Некоторые говорили, что глупых вопросов не бывает, но я знала, что это неправда, потому что постоянно задавала глупые вопросы. И я знала, что спрашивать Роудса, действительно ли «Четырехмильная тропа» составляет четыре мили, это глупый вопрос.

И часть меня, честно говоря, не хотела на самом деле знать, что я собираюсь преодолеть в четыре раза больше, чем я привыкла. Я не то чтобы была не в форме, но внешность была обманчивой. Моя кардио-выносливость улучшилась за последний месяц прыжков со скакалкой, но этого недостаточно.

Четыре мили, черт возьми.

Я взглянула на Амоса, чтобы увидеть, не выглядит ли он встревоженным, но он бросил взгляд на вывеску и вздрогнул.

Четыре мили и четыре водопада, гласила вывеска.

Если он сможет это сделать, то и я смогу.

Я дважды пыталась заговорить, и оба раза так тяжело дышала, что тут же остановилась. Не то чтобы они хотели поговорить со мной. Когда я пробиралась за Амосом, а его отец замыкал тыл, я была просто рада, что поехала не одна. На стоянке было припарковано несколько машин, но никого не было видно и слышно. Было прекрасно тихо.

Мы были в глуши. Вдали от цивилизации. Вдали от… всего.

Воздух был чистым и свежим. Горным. И это было… это было впечатляюще.

Я остановилась сделать пару селфи, а когда позвала Амоса притормозить и повернуться, чтобы я могла его сфотографировать, он неохотно сделал это. Он скрестил руки на худой груди и приподнял края шляпы. Я щелкнула его.

— Я пришлю его тебе, если хочешь, — прошептала я Роудсу, когда мальчик продолжил идти.

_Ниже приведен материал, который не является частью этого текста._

(* Let $G$ be a finite group and let $\underline{\mathcal{F}}$ be an indexing system for $G$. Let $\mathbf{O}(\underline{\mathcal{F}})$ be the set of exponents whose $H$-th set consists of the nontrivial orbits $H/K\in\underline{\mathcal{F}}$ (i.e. $K\subsetneq H$), each with some chosen ordering. Then the class of admissible sets of the operad $\mathcal{SM}_{\mathbf{O}(\underline{\mathcal{F}})}$ is $\underline{\mathcal{F}}$.
   Context: A set of exponents $\mathcal{N}=(\mathcal{N}(H))_{H\subseteq G}$: for each subgroup $H$ a set of finite $H$-sets $T$ with chosen orderings $\{1,\dots,|T|\}\cong T$; $\sigma:H\to\Sigma_{|T|}$ the permutation representation and $\Gamma_T=\{(h,\sigma(h))\}\subseteq G\times\Sigma_{|T|}$. With $\mathbb{F}$ the free operad functor on symmetric sequences of $G$-sets and $\widetilde{X}$ the chaotic category on a set $X$ (one morphism between any two objects, applied levelwise), $\mathcal{SM}_{\mathcal{N}}=\widetilde{\mathbb{F}(S_{\mathcal{N}})}$ where $S_{\mathcal{N}}=(G\times\Sigma_0)/\Gamma_\varnothing\sqcup(G\times\Sigma_2)/\Gamma_{**}\sqcup\coprod_{T\in\mathcal{N}}(G\times\Sigma_{|T|})/\Gamma_T$ ($\varnothing$, $**$ trivial). A finite $H$-set $T$ with $|T|=n$ is admissible for an operad $\mathscr{O}$ in $G$-categories if $\mathscr{O}(n)^{\Gamma_T}\neq\varnothing$. An indexing system (Blumberg–Hill) is a family of finite $H$-sets for all $H\subseteq G$ containing trivial actions, closed under isomorphism, restriction, conjugation, subobjects, finite coproducts and products, and self-induction. *)

theory Defs
  imports "HOL-Algebra.Group" "HOL-Combinatorics.Permutations"
begin

text \<open>A finite H-set T with a chosen ordering {1..|T|} = T is encoded as a pair (n, a):
  the underlying set is {0..<n} and a h is the permutation by which h in H acts
  (only the values a h i for h in H and i < n matter).\<close>

definition fin_hset :: "'g monoid \<Rightarrow> 'g set \<Rightarrow> nat \<Rightarrow> ('g \<Rightarrow> nat \<Rightarrow> nat) \<Rightarrow> bool" where
  "fin_hset G H n a \<longleftrightarrow> subgroup H G
     \<and> (\<forall>h\<in>H. \<forall>i<n. a h i < n)
     \<and> (\<forall>i<n. a \<one>\<^bsub>G\<^esub> i = i)
     \<and> (\<forall>h\<in>H. \<forall>k\<in>H. \<forall>i<n. a (h \<otimes>\<^bsub>G\<^esub> k) i = a h (a k i))"

definition equivariant :: "'g set \<Rightarrow> nat \<Rightarrow> ('g \<Rightarrow> nat \<Rightarrow> nat) \<Rightarrow> ('g \<Rightarrow> nat \<Rightarrow> nat) \<Rightarrow> (nat \<Rightarrow> nat) \<Rightarrow> bool" where
  "equivariant H m b a f \<longleftrightarrow> (\<forall>h\<in>H. \<forall>i<m. f (b h i) = a h (f i))"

Он кивнул мне, и я готова поспорить, что ему стоило пары лет жизни выдавить «Спасибо».

Я улыбнулась и отпустила его, наблюдая за каждым шагом, как одна миля превращается в две, и я начала сожалеть о том, что так рано совершила этот долгий переход. Я должна была подождать. Я должна была сделать более короткие, чтобы быть готовой к этому.

Но если мама смогла это сделать, то и я смогу.

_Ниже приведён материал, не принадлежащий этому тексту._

section \<open>The limit of f_D^M\<close>

lemma fDM_tendsto_Inf:
  assumes C: "is_norm C" and R: "is_norm R"
  shows "(\<lambda>M. fDM C R M X) \<longlonglongrightarrow> ereal (Inf (dec_costs C R X))"
proof -
  have dec: "decseq (\<lambda>M. fDM C R M X)"
  proof (rule decseq_SucI)
    fix M
    have "rank_costs C R M X \<subseteq> rank_costs C R (Suc M) X" by (rule rank_costs_mono[OF C R]) simp
    then show "fDM C R (Suc M) X \<le> fDM C R M X" unfolding fDM_eq_INF by (rule INF_superset_mono) simp
  qed
  have "(INF M. fDM C R M X) = (INF s\<in>dec_costs C R X. ereal s)"
    unfolding fDM_eq_INF dec_costs_def
    by (rule antisym) (auto intro!: INF_greatest intro: INF_lower2)
  also have "\<dots> = ereal (Inf (dec_costs C R X))"
    using dec_costs_nonneg dec_costs_nonempty by (intro ereal_Inf'[symmetric] bdd_belowI) blast+
  finally show ?thesis using LIMSEQ_INF[OF dec] by simp
qed

lemma dec_costs_inf_is_norm:
  assumes C: "is_norm C" and R: "is_norm R"
  shows "is_norm (\<lambda>X. Inf (dec_costs C R X))"
proof (rule inf_cost_is_norm)
  show "\<bar>c\<bar> * s \<in> dec_costs C R (c *\<^sub>R X)" if "s \<in> dec_costs C R X" for c X s
    using that rank_costs_scale[OF C R] unfolding dec_costs_iff by blast
  show "s + t \<in> dec_costs C R (X + Y)" if "s \<in> dec_costs C R X" "t \<in> dec_costs C R Y" for X Y s t
    using that rank_costs_add unfolding dec_costs_iff by blast
  obtain K where K: "K > 0" "\<And>M X s i j. s \<in> rank_costs C R M X \<Longrightarrow> \<bar>X $ i $ j\<bar> \<le> K * s"
    using rank_costs_entry_bound[OF C R] by blast
  show "\<exists>e>0. \<forall>s\<in>dec_costs C R X. e \<le> s" if "X \<noteq> 0" for X
  proof -
    obtain i j where entry: "X $ i $ j \<noteq> 0" using \<open>X \<noteq> 0\<close> by (auto simp: vec_eq_iff)
    have "\<bar>X $ i $ j\<bar> / K \<le> s" if s: "s \<in> dec_costs C R X" for s
    proof -
      obtain M where "s \<in> rank_costs C R M X" using s unfolding dec_costs_iff by blast
      then have "\<bar>X $ i $ j\<bar> \<le> K * s" by (rule K(2))
      then show ?thesis using K(1) by (simp add: divide_le_eq mult.commute)
    qed
    moreover have "\<bar>X $ i $ j\<bar> / K > 0" using entry K(1) by simp
    ultimately show ?thesis by blast
  qed
qed (fact dec_costs_nonempty dec_costs_nonneg)+

theorem proposition1:
  fixes C :: "real^'n \<Rightarrow> real" and R :: "real^'p \<Rightarrow> real"
  assumes "is_norm C" and "is_norm R"
  shows "(\<forall>X. \<exists>L::real. (\<lambda>M. fDM C R M X) \<longlonglongrightarrow> ereal L)
         \<and> is_norm (fD_inf C R)"
proof
  show "\<forall>X. \<exists>L::real. (\<lambda>M. fDM C R M X) \<longlonglongrightarrow> ereal L"
    using fDM_tendsto_Inf[OF assms] by blast
  have "fD_inf C R = (\<lambda>X. Inf (dec_costs C R X))"
    unfolding fD_inf_def using limI[OF fDM_tendsto_Inf[OF assms]] by auto
  then show "is_norm (fD_inf C R)" using dec_costs_inf_is_norm[OF assms] by simp
qed

end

Так что, если она была в лучшей форме, чем я? Ты не достигнешь формы, пока не поднимешь свою задницу и не заставишь это случиться. Мне оставалось только смириться и продолжать.

Вот что я сделала.

И я бы солгала, если бы сказала, что это не заставило меня чувствовать себя лучше, чем я могла бы сказать, когда Амос тоже начал замедляться. Расстояние между нами становилось все короче и короче.

И как раз в тот момент, когда я подумала, что мы идем на край гребаной Земли и этих водопадов не существует, Амос остановился на секунду, прежде чем повернуть налево и подняться вверх.

Остаток похода прошел с широкой улыбкой на лице.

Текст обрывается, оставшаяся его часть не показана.